▸ **To do**
The expected answer is a copy of every line in the listing that has the word "threshold".

[Start of Attachment]

theorem lemma3:
  fixes N r \<alpha> :: nat and S :: "nat \<Rightarrow> nat set" and Kb :: "bool mat"
  assumes "\<forall>i<r. S i \<subseteq> {0..<N}"
    and "(\<Union>i<r. S i) = {0..<N}"
    and "\<alpha> \<ge> 1"
    and "Kb \<in> carrier_mat 1 r"
  shows "Kb \<in> K_gamma (red_A N) (red_B N) (red_C N r S) (\<alpha> - 1)
     \<longleftrightarrow> multi_covers N r S \<alpha> Kb"
proof -
  define T where "T u = Pair (0::nat) ` {j. j < r \<and> Kb $$ (0,j) \<and> u \<in> S j}" for u
  let ?X = "{0..<1} \<times> {0..<r}"
  have miss_iff: "(\<forall>I. I \<subseteq> ?X \<and> card I \<le> \<alpha> - 1 \<longrightarrow> \<not> T u \<subseteq> I) \<longleftrightarrow> \<alpha> - 1 < card (T u)"
    for u by (rule all_small_subsets_miss_iff) (auto simp: T_def)
  have threshold: "\<alpha> - 1 < c \<longleftrightarrow> \<alpha> \<le> c" for c using assms(3) by arith
  have "Kb \<in> K_gamma (red_A N) (red_B N) (red_C N r S) (\<alpha> - 1) \<longleftrightarrow>
      (\<forall>I. I \<subseteq> ?X \<and> card I \<le> \<alpha> - 1 \<longrightarrow> no_SFM (red_A N) (red_B N) (red_C N r S) (zero_entries Kb I))"
    unfolding K_gamma_def using assms(4) by simp
  also have "\<dots> \<longleftrightarrow> (\<forall>u<N. \<forall>I. I \<subseteq> ?X \<and> card I \<le> \<alpha> - 1 \<longrightarrow> \<not> T u \<subseteq> I)"
    unfolding no_SFM_red_zero_entries_iff[OF assms(4)] T_def by blast
  also have "\<dots> \<longleftrightarrow> (\<forall>u<N. \<alpha> \<le> card {j. j < r \<and> Kb $$ (0,j) \<and> u \<in> S j})"
    unfolding miss_iff threshold unfolding T_def by (simp add: card_image inj_on_def)
  also have "\<dots> \<longleftrightarrow> multi_covers N r S \<alpha> Kb"
    unfolding multi_covers_def ..
  finally show ?thesis .
qed

end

[End of Attachment]

▸ **Answer section**
  have threshold: "\<alpha> - 1 < c \<longleftrightarrow> \<alpha> \<le> c" for c using assms(3) by arith
    unfolding miss_iff threshold unfolding T_def by (simp add: card_image inj_on_def)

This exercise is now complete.